Let’s be clear: “alternative facts” are not a thing. But when it comes to alternative histories, which are British-Guyanese artist Hew Locke’s stock in trade, the words make a lot more sense.
Locke, who over a 30-year career has explored the cultural baggage of Britain’s colonial history, here turns curator, to delve into the British Museum’s collections and unearth stories that are rarely told in a museum context.
“I go to the British Museum to think,” Locke writes in the exhibition catalogue. And this is certainly an insight into the processes behind his own work, which is dotted throughout – we are observed by a Greek chorus of ‘Watchers’, carnivalesque figures that draw on ethnographic exploitation of people and customs for display, positioned high above us as we peruse his discoveries.
There are a couple of his gorgeous, intricate votive ships, symbolising the global flow of goods, ideas and people, and his ongoing series of paintings on share and bond certificates from now-defunct, usually colonially-related companies, pops up repeatedly.

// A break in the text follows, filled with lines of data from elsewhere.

text \<open>The normal supports \<open>A1\<close> at \<open>y1\<close> and \<open>A2\<close> at \<open>y2\<close>, where \<open>x = y1 + y2\<close>, and
  \<open>n \<bullet> y1 + n \<bullet> y2 = n \<bullet> x \<ge> \<epsilon>/2\<close> by the depth of \<open>x\<close> in \<open>C\<close>.\<close>
lemma minkowski_sum_deep_frontier_normal:
  fixes C A1 A2 :: "'a::euclidean_space set"
  assumes pc: "pointed_cone C"
    and as1: "asymptotic_set C A1" and rec1: "C \<subseteq> rec_cone A1" and as2: "asymptotic_set C A2"
    and x: "x \<in> frontier (minkowski_sum A1 A2)" "ball x \<epsilon> \<subseteq> C" and \<epsilon>: "0 < \<epsilon>"
  obtains n where "norm n = 1" "\<epsilon>/2 \<le> n \<bullet> x" "\<And>y. y \<in> minkowski_sum A1 A2 \<Longrightarrow> n \<bullet> x \<le> n \<bullet> y"
    "(\<forall>y\<in>A1. \<epsilon>/4 \<le> n \<bullet> y) \<or> (\<forall>y\<in>A2. \<epsilon>/4 \<le> n \<bullet> y)"
proof -
  let ?S = "minkowski_sum A1 A2"
  have A1C: "A1 \<subseteq> C" and A2C: "A2 \<subseteq> C" using as1 as2 by (auto dest: asymptotic_set_subset)
  have "closed ?S" using closed_minkowski_sum_in_pointed_cone[OF pc _ _ A1C A2C] as1 as2
    by (simp add: asymptotic_set_def)
  then have "x \<in> ?S" using x(1) by (simp add: frontier_def)
  then obtain y1 y2 where y: "y1 \<in> A1" "y2 \<in> A2" "x = y1 + y2" unfolding minkowski_sum_def by blast
  have "convex ?S" using as1 as2 by (simp add: asymptotic_set_def convex_minkowski_sum)
  moreover have "interior ?S \<noteq> {}"
    using as1 y(2) by (simp add: asymptotic_set_def interior_minkowski_sum_nonempty)
  ultimately obtain n where n: "norm n = 1" "\<And>y. y \<in> ?S \<Longrightarrow> n \<bullet> x \<le> n \<bullet> y"
    using frontier_supporting_unit_normal x(1) by blast
  have min1: "n \<bullet> y1 \<le> n \<bullet> y" if "y \<in> A1" for y
    using n(2)[of "y + y2"] that y unfolding minkowski_sum_def by (auto simp: inner_add_right)
  have min2: "n \<bullet> y2 \<le> n \<bullet> y" if "y \<in> A2" for y
    using n(2)[of "y1 + y"] that y unfolding minkowski_sum_def by (auto simp: inner_add_right)
  have "x - (\<epsilon>/2) *\<^sub>R n \<in> C" using x(2) n(1) \<epsilon> by (auto simp: dist_norm)
  then have "y1 + (x - (\<epsilon>/2) *\<^sub>R n) \<in> A1" using rec_cone_add rec1 y(1) by blast
  then have "n \<bullet> y1 \<le> n \<bullet> y1 + (n \<bullet> x - (\<epsilon>/2) * (n \<bullet> n))"
    using min1[OF \<open>y1 + (x - (\<epsilon>/2) *\<^sub>R n) \<in> A1\<close>] by (simp add: inner_add_right inner_diff_right)
  then have nx: "\<epsilon>/2 \<le> n \<bullet> x" using n(1) by (simp add: dot_square_norm)
  then have "\<epsilon>/4 \<le> n \<bullet> y1 \<or> \<epsilon>/4 \<le> n \<bullet> y2" using y(3) by (simp add: inner_add_right) linarith
  then have "(\<forall>y\<in>A1. \<epsilon>/4 \<le> n \<bullet> y) \<or> (\<forall>y\<in>A2. \<epsilon>/4 \<le> n \<bullet> y)"
    using min1 min2 order_trans by blast
  then show ?thesis using that n nx by blast
qed
(* Let $\overline{C}(\alpha,N)$ be as defined in the context. Then: (1) For real $0\le\alpha\le2$ and integers $N\ge2$, $\overline{C}(\alpha,N)=\overline{C}(2-\alpha,N)\ge1$. (2) For real $0\le\alpha_1<\alpha_2\le2$, $0<\theta<1$ and positive integers $N$, $\overline{C}(\theta\alpha_1+(1-\theta)\alpha_2,N)\le\overline{C}(\alpha_1,N)^{\theta}\,\overline{C}(\alpha_2,N)^{1-\theta}$. (3) For real $0\le\alpha_1<\alpha_2\le1$ and positive integers $N$, $\overline{C}(\alpha_1,N)\ge\overline{C}(\alpha_2,N)$. (4) For real $0\le\alpha<\tfrac12$ there is a constant $c_\alpha>0$ such that $\overline{C}(\alpha,N)\ge c_\alpha N^{\frac12-\alpha}$ for all integers $N\ge2$.
   Context: For a strictly increasing sequence $(\lambda_k)_{k=-\infty}^{\infty}$ of real numbers, put $\delta_k:=\min\{\lambda_k-\lambda_{k-1},\lambda_{k+1}-\lambda_k\}$. For $0\le\alpha\le2$ and a positive integer $N$, let $\overline{C}(\alpha,N)$ be the minimum of all constants $C(\alpha,N)$ such that $$\sum_{m=1}^N\sum_{\substack{n=1\\ n\ne m}}^N\frac{\delta_m^{2-\alpha}\delta_n^{\alpha}t_mt_n}{(\lambda_m-\lambda_n)^2}\le C(\alpha,N)\sum_{n=1}^N t_n^2$$ holds for every strictly increasing real sequence $(\lambda_k)_{k\in\mathbb Z}$ and all nonnegative reals $t_1,\dots,t_N$. *)

theory Defs
  imports Complex_Main
begin

definition gap :: "(int \<Rightarrow> real) \<Rightarrow> int \<Rightarrow> real" where
  "gap lam k = min (lam k - lam (k - 1)) (lam (k + 1) - lam k)"

definition admissible_const :: "real \<Rightarrow> nat \<Rightarrow> real \<Rightarrow> bool" where
  "admissible_const \<alpha> N C \<longleftrightarrow>
     (\<forall>(lam :: int \<Rightarrow> real) (t :: int \<Rightarrow> real).
        strict_mono lam \<longrightarrow> (\<forall>n\<in>{1..int N}. 0 \<le> t n) \<longrightarrow>
        (\<Sum>m\<in>{1..int N}. \<Sum>n\<in>{1..int N}-{m}.
            gap lam m powr (2 - \<alpha>) * gap lam n powr \<alpha> * t m * t n / (lam m - lam n)^2)
        \<le> C * (\<Sum>n\<in>{1..int N}. (t n)^2))"

definition Cbar :: "real \<Rightarrow> nat \<Rightarrow> real" where
  "Cbar \<alpha> N = Inf {C. admissible_const \<alpha> N C}"

end

theory Submission
  imports Defs "HOL-Analysis.Convex"
begin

But the focus here is the stuff already in the museum. The BM’s growth over its 265 years has been overwhelmingly due to Britain’s colonial expansion, even if the “it’s all nicked” narrative is a gross oversimplification.
What Locke sets out to do is recontextualise, with two sets of labels – one written by the BM’s curatorial team and one written by Locke in his warm, irreverent voice, to expand our understanding of where these things come from. “Serious dialogue” is his intention, not finger-wagging.
Loose themes of sovereign, trade, conflict and treasure are almost interchangeable; many of these items came into the collection directly or indirectly as a result of four imperial conflicts: the Anglo-Asante wars of 1823-1901; the British military expedition (an insidious, Boy’s Own-ish euphemism) to Benin City in 1897; the 1867-8 Abyssinian expedition (there it is again) and Battle of Maqdala; and the Younghusband military expedition of 1903-04. None of which I learnt about in school, or knew much or anything about. I suspect you’ll find the same.
It’s a bit of a mishmash, but give it time, and it starts to do its work, highlighting how the histories we’re usually told – that Charles II was a “merry monarch”, a big fan of the theatre, a significant art collector, a Catholic sympathiser, for example – masks the histories we’re not: that he signed the charter, on display here, that formalised and controlled England’s participation in the global slave trade, and his brother James, then Duke of York, ran it.
A couple of “charming and quite common” nautical paintings from the late 18th century are revealed to be of slave ships – “You can tell by the hull, they’ve got a different configuration of ventilation ports”, Locke writes.